How to turn web pages into PDFs with Puppeteer and NodeJS

As a web developer, you want to create a PDF page of a web page to share with your customers, use it in presentations, or add it to your web app as a new feature . No matter what your reason, Puptair, Google’s node API for Puppet Chrome and Chromium, makes the task quite simple for you.

In this tutorial, we will see that web pages are called Puppeteer and Node.js. How to convert to PDF with Let’s start the work with a quick introduction to what is pipetcher.

What is a puppet, and why is it terrible?

In Google’s own words, Puppeteer “A node library that provides a high-level API to control headless Chrome or Chromium on the DevTools protocol.”

[Read: Meet the 4 scale-ups using data to save the planet]

What is a headless browser?

If you are unfamiliar with the term headless browser, it is a browser without GUI. In this sense, a headless browser is simply another browser that understands how to render HTML web pages and process JavaScript.

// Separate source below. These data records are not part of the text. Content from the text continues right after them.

text \<open>If a + b s is a root with b \<noteq> 0, so is its conjugate a - b s, and the
  third root is then -p - 2a, by Vieta.\<close>
lemma cubic_root_in_quadratic_ext:
  assumes F: "real_subfield F" and K: "quadratic_ext F K"
    and coeffs: "p \<in> F" "q \<in> F" "r \<in> F"
    and x: "x \<in> K" "x^3 + p * x^2 + q * x + r = 0"
  shows "\<exists>x'\<in>F. x'^3 + p * x'^2 + q * x' + r = 0"
proof -
  obtain s a b where sF: "s^2 \<in> F" "s \<notin> F" and ab: "a \<in> F" "b \<in> F" and xab: "x = a + b * s"
    using K x(1) unfolding quadratic_ext_def by blast
  define d where "d = s^2"
  define P where "P = a^3 + 3*a*b^2*d + p*(a^2 + b^2*d) + q*a + r"
  define Q where "Q = b * (3*a^2 + b^2*d + 2*p*a + q)"
  note closed = real_subfield_add[OF F] real_subfield_diff[OF F] real_subfield_mult[OF F]
    real_subfield_power[OF F] real_subfield_numeral[OF F]
  have "d \<in> F" using sF d_def by simp
  then have "P \<in> F" "Q \<in> F"
    unfolding P_def Q_def by (intro closed ab coeffs; assumption)+
  have split: "P + Q * s = 0"
    using x(2) unfolding xab P_def Q_def d_def by algebra
  have "Q = 0"
  proof (rule ccontr)
    assume "Q \<noteq> 0"
    then have "s = - P / Q" using split by (simp add: field_simps)
    with \<open>P \<in> F\<close> \<open>Q \<in> F\<close> \<open>s \<notin> F\<close> show False
      by (metis F real_subfield_divide real_subfield_uminus)
  qed
  with split have "P = 0" by simp
  show ?thesis
  proof (cases "b = 0")
    case True
    then show ?thesis using x(2) ab xab by auto
  next
    case False
    with \<open>Q = 0\<close> have "3*a^2 + b^2*d + 2*p*a + q = 0" unfolding Q_def by simp
    with \<open>P = 0\<close> have "(-p - 2*a)^3 + p * (-p - 2*a)^2 + q * (-p - 2*a) + r = 0"
      unfolding P_def by algebra
    moreover have "-p - 2*a \<in> F"
      by (intro closed real_subfield_uminus[OF F] ab coeffs)
    ultimately show ?thesis by blast
  qed
qed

Due to the lack of a GUI, interaction with a headless browser occurs on a command line.

Even though Puppeteer is primarily a headless browser, you can configure and use it as non-headless Chrome or Chromium.

What can you do with a puppet?

Puppeteer’s powerful browser capabilities make it an ideal candidate for web app testing and web scraping.

To name a few use cases where Puppeteer provides the right functionality for web developers,

  • Generate screenshots of PDF and web page
  • Automatic Form Submission
  • Crawl web pages
  • Perform automated UI testing while keeping the test environment up to date.
  • Preparing pre-paid content for single page applications (SPA)

Set project environment

You can use Puppeteer on the backend and frontend to generate the PDF. In this tutorial, we are using a node backend for the task.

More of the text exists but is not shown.